Mini-case: how orchestration boosts apparatus
Initial: one acquirer, AR in country X - 78%, many "Do not honor" failures.
Actions: connected the second route, BIN-matrix by banks, soft 3DS, retrai via A2A, turned on behavioral biometrics.
Result: AR rose to a ~ of 87-90% in the target segment, Cost per Approved decreased due to lower commissions and a reduction in false refusals, enrollment time stabilized.
Checklist for payment provider selection
Coverage and methods: countries/currencies/limits, availability of key local methods and A2A.
Economy: MDR, FX, hidden fees, Cost per Approved, settlement-terms.
Conversion: AR by geo/banks/BIN, share of one-click, retray, 3DS/OTP flexibility.
Antifraud and risk: behavioral models, device fingerprinting, sanctions/PEP, velocity rules, false positive policy.
Compliance: KYC/KYB, log storage, reporting, RG functions (limits, self-exclusion - if relevant to the domain).

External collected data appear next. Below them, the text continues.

lemma sum_term_paths_Suc:
  fixes f :: "('s::finite \<times> 'a::finite) list \<Rightarrow> 'b::comm_monoid_add"
  shows "sum f (term_paths Sbot (Suc n))
    = (\<Sum>ys\<in>surviving_paths Sbot n. \<Sum>s\<in>Sbot. \<Sum>a\<in>UNIV. f (ys @ [(s,a)]))"
proof -
  have "{x::'s \<times> 'a. fst x \<in> Sbot} = Sbot \<times> UNIV" by auto
  then show ?thesis
    by (simp add: term_paths_Suc sum_snoc_image sum.cartesian_product')
qed

definition path_reward :: "('s \<Rightarrow> real) \<Rightarrow> ('s \<times> 'a) list \<Rightarrow> real" where
  "path_reward R xs = (\<Sum>i<length xs. R (fst (xs ! i)))"

lemma path_reward_Nil: "path_reward R [] = 0"
  by (simp add: path_reward_def)

lemma path_reward_snoc: "path_reward R (ys @ [(s,a)]) = path_reward R ys + R s"
  by (simp add: path_reward_def nth_append)

lemma abs_path_reward_le: "\<bar>path_reward R xs\<bar> \<le> real (length xs) * (\<Sum>s\<in>UNIV. \<bar>R s\<bar>)"
  for R :: "'s::finite \<Rightarrow> real"
proof -
  have "\<bar>path_reward R xs\<bar> \<le> (\<Sum>i<length xs. \<bar>R (fst (xs ! i))\<bar>)"
    unfolding path_reward_def by (rule sum_abs)
  also have "\<dots> \<le> (\<Sum>i<length xs. \<Sum>s\<in>UNIV. \<bar>R s\<bar>)"
    by (intro sum_mono member_le_sum) auto
  finally show ?thesis by simp
qed

definition state_kernel :: "('s \<Rightarrow> 'a::finite \<Rightarrow> 's \<Rightarrow> real) \<Rightarrow> ('s \<Rightarrow> 'a \<Rightarrow> real) \<Rightarrow> 's \<Rightarrow> 's \<Rightarrow> real"
  where "state_kernel P pol s s' = (\<Sum>a\<in>UNIV. P s a s' * pol s a)"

Technologies: SDK/widget, orchestration, webhooks, raw logs, sandbox for A/B.
Reliability: uptime, degradation, incident SLA, transparent status page.
Support: 24/7, dedicated manager, L1/L2 response time, optimization advice.
Data and analytics: event export, API for BI, split route tests, access to model anti-fraud metrics.
Frequent "red flags"
Focusing on commission without talking about net conversions and false refusals.
Closed "black box" of anti-fraud without metrics and explanations for deviations.
Lack of failover plan and degradation scenarios.
Slow or opaque onboarding, manual KYCs without SLAs.
There is no roadmap for A2A/local methods in key regions.
"Blitz" from Provider
One practice that has an effect literally tomorrow? Enable A/B routing by issuing banks and add a local A2A method in top markets.
Where does the conversion "leak" most often? Additional forms and unnecessary redirects, as well as aggressive anti-fraud rules without taking into account behavioral patterns.
The most underrated metric? Cost per Approved - she disciplines both product and finance.
The competitive advantage in payments consists of three elements: the correct set of methods (cards + A2A + local wallets), smart orchestration with transparent analytics and compliance reliability without UX braking. Those who manage the stack as a product - testing routes, reducing false failures and accelerating conclusions - win on conversion, economics, and user trust.